My Tribute to Kobe Bryant

I would always wonder when I would get around to writing about Kobe Bryant. After all, he is my idol. He is the reason why I love the game of Basketball, why I watch it almost every day. He has made the biggest influence on my life outside of my immediate family. I imagined an article that would make sense of his career, a career that is so misunderstood. A career that was so accomplished, yet so many tried to diminish. He was so loved by many, and yet so hated by others. I wanted to try and make sense of all of it.. eventually. One day, I’ll write about his playing career. Today is not that day. I never thought I’d be writing about Kobe Bryant in the past tense.

Kobe and Shaq in 2003.

There was a presence that surrounded Kobe Bryant that transcended beyond the game of basketball. When Kobe came to town, you felt it. When you watched him play, you couldn’t take your eyes off him. His skills on both of the sides of the ball cannot be understated. His competitiveness was otherworldly. The Kobe Face? Legendary. The Mamba Mentality? Transcending not just basketball, but sports. He was larger than life. Even in death, he made the world stand still. His best moments on the court-81 points in 2006, 62 points through 3 quarters against a Mavericks team that reached the Finals in 2005, 61 in MSG in 2009, beating the Celtics to capture his fifth and last championship in 2010. Those moments come to mind immediately, and yet that’s a short story compared to the totality of his career and his life.

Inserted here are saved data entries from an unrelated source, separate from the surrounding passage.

(* Let $d\ge1$, $n\ge1$, and let $\{\boldsymbol{x}_i\}_{i=1}^n$ be an $n$-point jittered sampling point process on $\mathbb{S}^d$ associated with a partition $\{D_{i,n}\}_{i=1}^n$ and constant $c$ as described in the context. Then \[ \frac{n^2}{d+1}\le\mathbb{E}\big(\mathrm{FP}(\{\boldsymbol{x}_i\}_{i=1}^n)\big)\le\frac{n^2}{d+1}+n-n\left(1-\frac{c^2}{2n^{2/d}}\right)^2. \]
   Context: $\mathbb{S}^d=\{\boldsymbol{x}\in\mathbb{R}^{d+1}:\|\boldsymbol{x}\|=1\}$, $\sigma_d$ the normalized surface measure, $\mathrm{diam}\,A=\sup\{\|\boldsymbol{x}-\boldsymbol{y}\|:\boldsymbol{x},\boldsymbol{y}\in A\}$. Frame potential: $\mathrm{FP}(\{\boldsymbol{x}_i\}_{i=1}^n)=\sum_{i,j=1}^n|\langle\boldsymbol{x}_i,\boldsymbol{x}_j\rangle|^2$. Jittered sampling point process: let $\{D_{i,n}\}_{i=1}^n$ be an equal-area partition of $\mathbb{S}^d$: $\bigcup_{j=1}^nD_{j,n}=\mathbb{S}^d$, $\sigma_d(D_{j,n}\cap D_{k,n})=0$ for $j\ne k$, $\sigma_d(D_{j,n})=1/n$, and $\mathrm{diam}\,D_{j,n}\le c/n^{1/d}<\sqrt2$ for all $j$, where $c$ is a constant independent of $n$. Independently for each $i$, let $\boldsymbol{x}_i$ be a point chosen uniformly at random (w.r.t. normalized $\sigma_d$ restricted to $D_{i,n}$) from $D_{i,n}$. *)

theory Defs
  imports "HOL-Probability.Probability"
begin

text \<open>Normalized surface measure on the unit sphere of a Euclidean space, realised as
  the cone measure: the push-forward of the uniform (normalized Lebesgue) distribution on
  the open unit ball under radial projection. It is a measure on the Borel sets of the
  ambient space, concentrated on the unit sphere.\<close>
definition sphere_measure :: "'a::euclidean_space measure" where
  "sphere_measure = distr (uniform_measure lborel (ball 0 1)) borel (\<lambda>x. x /\<^sub>R norm x)"

definition jittered :: "nat \<Rightarrow> (nat \<Rightarrow> 'a::euclidean_space set) \<Rightarrow> (nat \<Rightarrow> 'a) measure" where
  "jittered n D = PiM {..<n} (\<lambda>i. uniform_measure sphere_measure (D i))"

definition frame_potential :: "nat \<Rightarrow> (nat \<Rightarrow> 'a::real_inner) \<Rightarrow> real" where
  "frame_potential n x = (\<Sum>i<n. \<Sum>j<n. \<bar>x i \<bullet> x j\<bar>^2)"

end

theory Submission
  imports Defs
begin

(* Write M P for the second-moment matrix E[x x^T] of a distribution P on the unit sphere and
   <A, B> for the Frobenius inner product. For independent unit vectors x_i ~ Q_i one has
   E (x_i . x_j)^2 = <M Q_i, M Q_j> if i ~= j and = 1 if i = j, hence
     E FP = || sum_i M Q_i ||^2 + sum_i (1 - || M Q_i ||^2).
   Since the cells tile the sphere with equal area, sum_i M Q_i = n M sigma_d, and
   M sigma_d = I / (d + 1) because sigma_d is invariant under coordinate reflections and
   transpositions; so the first term is n^2 / (d + 1). Finally || M Q_i ||^2 = E (x . y)^2 for
   independent x, y uniform on the i-th cell; it is at most 1, and at least (1 - delta^2/2)^2
   because |x - y|^2 = 2 - 2 x . y and the cells have diameter at most delta < sqrt 2. *)

section \<open>Uniform measures and finite products\<close>

lemma (in finite_measure) integral_uniform_measure:
  fixes f :: "'a \<Rightarrow> real"
  assumes S: "S \<in> sets M" "measure M S \<noteq> 0" and f: "f \<in> borel_measurable M"
  shows "(\<integral>x. f x \<partial>uniform_measure M S) = (\<integral>x. indicator S x * f x \<partial>M) / measure M S"
proof -
  have pos: "0 < measure M S"
    using S(2) by (simp add: zero_less_measure_iff)
  have "uniform_measure M S = density M (\<lambda>x. ennreal (indicator S x / measure M S))"
    unfolding uniform_measure_def
    by (simp add: emeasure_eq_measure ennreal_indicator[symmetric] divide_ennreal pos)
  then have "(\<integral>x. f x \<partial>uniform_measure M S) = (\<integral>x. (indicator S x / measure M S) *\<^sub>R f x \<partial>M)"
    using S(1) f by (simp add: integral_density)
  also have "\<dots> = (\<integral>x. indicator S x * f x / measure M S \<partial>M)"
    by simp
  finally show ?thesis
    by simp
qed

lemma (in finite_measure) sum_integral_indicator_partition:
  fixes f :: "'a \<Rightarrow> real"
  assumes I: "finite I" and D: "\<And>i. i \<in> I \<Longrightarrow> D i \<in> sets M"
    and cover: "AE x in M. x \<in> (\<Union>i\<in>I. D i)"
    and overlap: "\<And>i j. i \<in> I \<Longrightarrow> j \<in> I \<Longrightarrow> i \<noteq> j \<Longrightarrow> measure M (D i \<inter> D j) = 0"
    and f: "integrable M f"
  shows "(\<Sum>i\<in>I. \<integral>x. indicator (D i) x * f x \<partial>M) = (\<integral>x. f x \<partial>M)"
proof -
  have "AE x in M. x \<notin> D i \<inter> D j" if "i \<in> I" "j \<in> I" "i \<noteq> j" for i j
    using that D overlap by (intro AE_not_in) (auto simp: emeasure_eq_measure null_sets_def)
  then have "AE x in M. \<forall>i\<in>I. \<forall>j\<in>I. i \<noteq> j \<longrightarrow> x \<notin> D i \<inter> D j"
    using I by (auto simp: AE_finite_all)
  then have ones: "AE x in M. (\<Sum>i\<in>I. indicator (D i) x) = (1::real)"
    using cover
  proof eventually_elim
    case (elim x)
    then obtain i where i: "i \<in> I" "x \<in> D i"
      by blast
    with elim have "(\<Sum>j\<in>I. indicator (D j) x) = (\<Sum>j\<in>I. if j = i then 1 else 0 :: real)"
      by (intro sum.cong) (auto split: split_indicator)
    then show ?case
      using i I by simp
  qed
  have "(\<Sum>i\<in>I. \<integral>x. indicator (D i) x * f x \<partial>M) = (\<integral>x. (\<Sum>i\<in>I. indicator (D i) x * f x) \<partial>M)"
    by (rule Bochner_Integration.integral_sum[symmetric]) (use D f integrable_mult_indicator[of _ M f] in auto)
  also have "\<dots> = (\<integral>x. f x \<partial>M)"
  proof (rule integral_cong_AE)
    have "f \<in> borel_measurable M"
      using f by (rule borel_measurable_integrable)
    then show "(\<lambda>x. \<Sum>i\<in>I. indicator (D i) x * f x) \<in> borel_measurable M" "f \<in> borel_measurable M"
      using D by auto
    show "AE x in M. (\<Sum>i\<in>I. indicator (D i) x * f x) = f x"
      using ones by eventually_elim (simp add: sum_distrib_right[symmetric])
  qed
  finally show ?thesis .
qed

lemma integral_PiM_two_components:
  fixes Q :: "'i \<Rightarrow> 'a measure" and f g :: "'a \<Rightarrow> real"
  assumes Q: "\<And>k. prob_space (Q k)" and I: "finite I" "i \<in> I" "j \<in> I" "i \<noteq> j"
    and f: "integrable (Q i) f" and g: "integrable (Q j) g"
  shows "integrable (PiM I Q) (\<lambda>x. f (x i) * g (x j))"
    and "(\<integral>x. f (x i) * g (x j) \<partial>PiM I Q) = (\<integral>y. f y \<partial>Q i) * (\<integral>y. g y \<partial>Q j)"
proof -
  interpret product_sigma_finite Q
    unfolding product_sigma_finite_def using Q prob_space_imp_sigma_finite by blast
  define F where "F k = (if k = i then f else if k = j then g else (\<lambda>_. 1))" for k
  have F_int: "integrable (Q k) (F k)" for k
    using f g Q by (auto simp: F_def intro: finite_measure.integrable_const prob_space.finite_measure)
  have two: "(\<Prod>k\<in>I. h k) = h i * h j" if "\<And>k. k \<in> I \<Longrightarrow> k \<noteq> i \<Longrightarrow> k \<noteq> j \<Longrightarrow> h k = 1"
    for h :: "'i \<Rightarrow> real"
  proof -
    have "(\<Prod>k\<in>I. h k) = (\<Prod>k\<in>{i, j}. h k)"
      using I that by (intro prod.mono_neutral_right) auto
    then show ?thesis
      using I by simp
  qed
  have F_prod: "(\<lambda>x. \<Prod>k\<in>I. F k (x k)) = (\<lambda>x. f (x i) * g (x j))"
    using I by (subst two) (auto simp: F_def)
  show "integrable (PiM I Q) (\<lambda>x. f (x i) * g (x j))"
    using product_integrable_prod[OF I(1), of F] F_int by (simp add: F_prod)
  have "(\<integral>x. f (x i) * g (x j) \<partial>PiM I Q) = (\<Prod>k\<in>I. \<integral>y. F k y \<partial>Q k)"
    using product_integral_prod[OF I(1), of F] F_int by (simp add: F_prod)
  also have "\<dots> = (\<integral>y. F i y \<partial>Q i) * (\<integral>y. F j y \<partial>Q j)"
    using Q by (intro two) (simp add: F_def prob_space.prob_space)
  finally show "(\<integral>x. f (x i) * g (x j) \<partial>PiM I Q) = (\<integral>y. f y \<partial>Q i) * (\<integral>y. g y \<partial>Q j)"
    using I by (simp add: F_def)
qed

section \<open>Symmetries of the sphere measure\<close>

lemma prob_space_uniform_ball:
  "prob_space (uniform_measure lborel (ball (0::'a::euclidean_space) 1))"
proof (rule prob_space_uniform_measure)
  have "unit_ball_vol (real DIM('a)) \<noteq> 0"
    using unit_ball_vol_pos[of "real DIM('a)"] by linarith
  then show "emeasure lborel (ball (0::'a) 1) \<noteq> 0"
    by (simp add: emeasure_ball)
qed (use emeasure_lborel_ball_finite in \<open>auto simp: less_top\<close>)

lemma borel_measurable_orthogonal_transformation:
  fixes T :: "'a::euclidean_space \<Rightarrow> 'a"
  assumes "orthogonal_transformation T"
  shows "T \<in> borel_measurable borel"
  using assms orthogonal_transformation_linear linear_conv_bounded_linear
  by (blast intro: borel_measurable_continuous_onI linear_continuous_on)

(* Invariance of Lebesgue measure under orthogonal maps is proved in the library only for
   real^'n, so here it is a hypothesis; it is checked below for coordinate reflections and
   coordinate permutations, which suffice. *)
lemma distr_uniform_ball_orthogonal:
  fixes T :: "'a::euclidean_space \<Rightarrow> 'a"
  assumes T: "orthogonal_transformation T" and lborel_T: "distr lborel borel T = lborel"
  shows "distr (uniform_measure lborel (ball 0 1)) borel T = uniform_measure lborel (ball 0 1)"
proof (rule measure_eqI)
  have [measurable]: "T \<in> borel_measurable borel"
    using T by (rule borel_measurable_orthogonal_transformation)
  fix A assume "A \<in> sets (distr (uniform_measure lborel (ball 0 1)) borel T)"
  then have [measurable]: "A \<in> sets borel" by simp
  have ball_T: "ball 0 1 \<inter> T -` A = T -` (A \<inter> ball 0 1)"
    using T by (auto simp: orthogonal_transformation_norm)
  have "T -` A \<in> sets borel"
    using measurable_sets_borel[OF borel_measurable_orthogonal_transformation[OF T]] by simp
  have "emeasure (distr (uniform_measure lborel (ball 0 1)) borel T) A
      = emeasure (uniform_measure lborel (ball 0 1)) (T -` A)"
    by (simp add: emeasure_distr)
  also have "\<dots> = emeasure lborel (ball 0 1 \<inter> T -` A) / emeasure lborel (ball (0::'a) 1)"
    by (subst emeasure_uniform_measure) (use \<open>T -` A \<in> sets borel\<close> in auto)
  also have "emeasure lborel (ball 0 1 \<inter> T -` A) = emeasure (distr lborel borel T) (A \<inter> ball 0 1)"
    by (subst emeasure_distr) (auto simp: ball_T)
  finally show "emeasure (distr (uniform_measure lborel (ball 0 1)) borel T) A
      = emeasure (uniform_measure lborel (ball 0 1)) A"
    by (simp add: lborel_T emeasure_uniform_measure Int_commute)
qed simp

lemma sets_sphere_measure [simp, measurable_cong]: "sets sphere_measure = sets borel"
  by (simp add: sphere_measure_def)

lemma prob_space_sphere_measure: "prob_space sphere_measure"
  unfolding sphere_measure_def
  by (intro prob_space.prob_space_distr prob_space_uniform_ball) measurable

lemma AE_sphere_measure_norm: "AE x in sphere_measure. norm x = 1"
proof -
  have "AE x in uniform_measure lborel (ball (0::'a) 1). x \<noteq> 0"
    by (rule AE_uniform_measureI) (auto intro: AE_I[where N="{0}"])
  moreover have "{x::'a. norm x = 1} \<in> sets borel"
    by measurable
  ultimately show ?thesis
    unfolding sphere_measure_def by (subst AE_distr_iff) (auto elim: AE_mp)
qed

lemma sphere_measure_distr_orthogonal:
  fixes T :: "'a::euclidean_space \<Rightarrow> 'a"
  assumes T: "orthogonal_transformation T" and lborel_T: "distr lborel borel T = lborel"
  shows "distr sphere_measure borel T = sphere_measure"
proof -
  let ?U = "uniform_measure lborel (ball (0::'a) 1)"
  have [measurable]: "T \<in> borel_measurable borel"
    using T by (rule borel_measurable_orthogonal_transformation)
  have radial_T: "T (x /\<^sub>R norm x) = T x /\<^sub>R norm (T x)" for x
    using T by (simp add: orthogonal_transformation_norm orthogonal_transformation_scaleR)
  have "distr sphere_measure borel T = distr ?U borel (\<lambda>x. T (x /\<^sub>R norm x))"
    unfolding sphere_measure_def by (subst distr_distr) (auto simp: comp_def)
  also have "\<dots> = distr (distr ?U borel T) borel (\<lambda>x. x /\<^sub>R norm x)"
    unfolding radial_T by (subst distr_distr) (auto simp: comp_def)
  also have "\<dots> = sphere_measure"
    by (simp add: distr_uniform_ball_orthogonal[OF T lborel_T] sphere_measure_def)
  finally show ?thesis .
qed

lemma integral_sphere_measure_orthogonal:
  fixes T :: "'a::euclidean_space \<Rightarrow> 'a" and f :: "'a \<Rightarrow> real"
  assumes T: "orthogonal_transformation T" and lborel_T: "distr lborel borel T = lborel"
    and f: "f \<in> borel_measurable borel"
  shows "(\<integral>x. f (T x) \<partial>sphere_measure) = (\<integral>x. f x \<partial>sphere_measure)"
proof -
  have "T \<in> sphere_measure \<rightarrow>\<^sub>M borel"
    using borel_measurable_orthogonal_transformation[OF T] by simp
  then show ?thesis
    using integral_distr[of T sphere_measure borel f] f
    by (simp add: sphere_measure_distr_orthogonal[OF T lborel_T])
qed

definition reflect_along :: "'a::real_inner \<Rightarrow> 'a \<Rightarrow> 'a" where
  "reflect_along b x = x - (2 * (x \<bullet> b)) *\<^sub>R b"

What hurts the most is how content he seemed with retirement from his playing days, how happy he was to spend time with his daughters and wife more. He wins an Oscar less than two years after his retirement, something so ludicrous only Kobe would even think about, and yet he accomplished it. His mentoring of younger NBA players, defining a new generation by inviting them to The Mamba Academy was something to behold. He was such an advocate for women’s sports, not just Basketball, attending sporting events with his daughters constantly. He coached his 13 year old daughter Gianna’s team, and he was ready to brag about her to whoever was willing to listen. He was going to make his post-playing career just as big as his Basketball career, and he was going to do it his way.

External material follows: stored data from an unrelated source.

lemma bfs_ordering_front_loaded:
  assumes "bfs_ordering V E \<beta>"
  shows "front_loaded (adj E (hd \<beta>)) (tl \<beta>)"
proof -
  define s where "s = hd \<beta>"
  have r: "bfs_run V E \<beta> []" and o: "ordering V \<beta>" using assms unfolding bfs_ordering_def by auto
  obtain N rest where \<beta>: "\<beta> = s # N @ rest" and N: "set N = {w \<in> V. adj E s w}"
    using bfs_run_nbrs_first[OF r ordering_nonempty[OF o]] unfolding s_def by auto
  have "distinct (N @ rest)" "set rest \<subseteq> V" using o unfolding \<beta> ordering_def by auto
  then have "\<forall>x\<in>set rest. \<not> adj E s x" using N by auto
  then show ?thesis using N unfolding \<beta> by (simp add: front_loaded_append)
qed

end

section \<open>Split graphs\<close>

definition nbr_indices :: "'a set set \<Rightarrow> 'a list \<Rightarrow> 'a \<Rightarrow> nat set" where
  "nbr_indices E p u = {j. j < length p \<and> adj E (p ! j) u}"

locale split_partition = conn_graph +
  fixes K I :: "'a set"
  assumes partition: "K \<union> I = V" "K \<inter> I = {}"
    and clique: "clique E K" and independent: "independent E I"
begin

lemma clique_adj: "u \<in> K \<Longrightarrow> v \<in> K \<Longrightarrow> u \<noteq> v \<Longrightarrow> adj E u v"
  using clique unfolding clique_def by blast

lemma in_independent: "x \<in> V \<Longrightarrow> x \<notin> K \<Longrightarrow> x \<in> I"
  using partition by blast

lemma nbr_of_independent_in_clique: "u \<in> I \<Longrightarrow> adj E u v \<Longrightarrow> v \<in> K"
  using independent partition adj_in_V unfolding independent_def by blast

text \<open>From a start vertex in \<open>K\<close>, the searches may interleave its independent neighbours with
  the rest of \<open>K\<close>; only a start vertex in \<open>I\<close> constrains the ordering.\<close>

definition start_nbrs_first :: "'a \<Rightarrow> 'a list \<Rightarrow> bool" where
  "start_nbrs_first s \<sigma> \<longleftrightarrow> ordering V \<sigma> \<and> hd \<sigma> = s \<and> (s \<notin> K \<longrightarrow> front_loaded (adj E s) (tl \<sigma>))"

lemma bfs_start_nbrs_first: "bfs_ordering V E \<beta> \<Longrightarrow> start_nbrs_first (hd \<beta>) \<beta>"
  using bfs_ordering_front_loaded unfolding start_nbrs_first_def bfs_ordering_def by blast

lemma start_nbrs_first_Cons:
  assumes "start_nbrs_first s \<sigma>"
  shows "\<sigma> = s # tl \<sigma>" and "s \<notin> set (tl \<sigma>)" and "s \<in> V"
proof -
  have o: "ordering V \<sigma>" and "hd \<sigma> = s" using assms unfolding start_nbrs_first_def by auto
  then show "\<sigma> = s # tl \<sigma>" using ordering_nonempty by auto
  then show "s \<notin> set (tl \<sigma>)" and "s \<in> V"
    using o unfolding ordering_def by (metis distinct.simps(2), metis list.set_intros(1))
qed

lemma leftmost_nbr_in_clique:
  assumes \<sigma>: "start_nbrs_first s \<sigma>" and v: "v \<in> V" "v \<noteq> s"
  shows "leftmost_nbr E \<sigma> v \<in> insert s K"
proof -
  have o: "ordering V \<sigma>" "hd \<sigma> = s" using \<sigma> unfolding start_nbrs_first_def by auto
  define \<tau> where "\<tau> = tl \<sigma>"
  have \<sigma>\<tau>: "\<sigma> = s # \<tau>" using start_nbrs_first_Cons[OF \<sigma>] unfolding \<tau>_def by simp
  have "filter (\<lambda>x. adj E x v) \<sigma> \<noteq> []"
    using ex_nbr_in_ordering[OF o(1) v(1)] v(2) o(2) by (auto simp: filter_empty_conv)
  then have h: "adj E (leftmost_nbr E \<sigma> v) v"
    unfolding leftmost_nbr_def using hd_in_set by fastforce
  show ?thesis
  proof (cases "v \<in> K")
    case False
    then show ?thesis using h v(1) in_independent nbr_of_independent_in_clique adj_commute by blast
  next
    case vK: True
    show ?thesis
    proof (cases "adj E s v")
      case True
      then show ?thesis unfolding leftmost_nbr_def \<sigma>\<tau> by simp
    next
      case False
      then have sI: "s \<in> I"
        using vK v clique_adj in_independent start_nbrs_first_Cons(3)[OF \<sigma>] by blast
      then have fl: "front_loaded (adj E s) \<tau>"
        using \<sigma> partition unfolding start_nbrs_first_def \<tau>_def by blast
      obtain w where "adj E s w" using ex_adj[of s v] v start_nbrs_first_Cons(3)[OF \<sigma>] by blast
      moreover have "w \<in> set \<tau>"
        using calculation o(1) not_adj_self adj_in_V unfolding \<sigma>\<tau> ordering_def by auto
      ultimately have b: "adj E s (hd \<tau>)" using front_loaded_hd[OF fl] by blast
      have "\<tau> \<noteq> []" using \<open>w \<in> set \<tau>\<close> by auto
      then have "\<sigma> = s # hd \<tau> # tl \<tau>" unfolding \<sigma>\<tau> by simp
      moreover have "hd \<tau> \<in> K" using b sI nbr_of_independent_in_clique by blast
      moreover have "adj E (hd \<tau>) v" using clique_adj[OF _ vK] b False calculation(2) by blast
      ultimately show ?thesis using False unfolding leftmost_nbr_def by simp
    qed
  qed
qed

Kobe with his wife Vanessa, and his Three daughters Gianna, Bianka, Natalia.

None of this still feels real. It’s all so heartbreaking. None of it makes sense. Ever cry so much it feels like you ran out of tears? He was immortal. He made two free throws on a torn achilles. It hurts to even think about the possibility, that in actuality, is a reality. I pray for Vanessa, the three girls, and the families who lost their loved ones in this tragic accident. We were supposed to see Kobe become a billionaire and for him to share his wisdom for years to come. We were supposed to see Gianna become the face of the WNBA. That’s how the dominoes were falling. We will never see another Kobe Bryant interview, or him breaking down another players game tape.

My biggest regret is that all the outpouring of love he received in the shock of his death, he never fully received while he was alive. I don’t ever want to have another Kobe Bryant debate about how good he was, or where he ranks on the all-time list, at least not for a long time. It all just feels so silly now. I just want to think about all the good moments and all the memories he left, not just me, but whoever has picked up a basketball because of him. I will miss him every single day, and Basketball will never be the same without him. 41 years seems like a short time, but Kobe Bryant lived a life so full he fulfilled three normal lifetimes. The Mamba Mentality will live on through his life, and his influence on basketball players will be passed down for generations to come.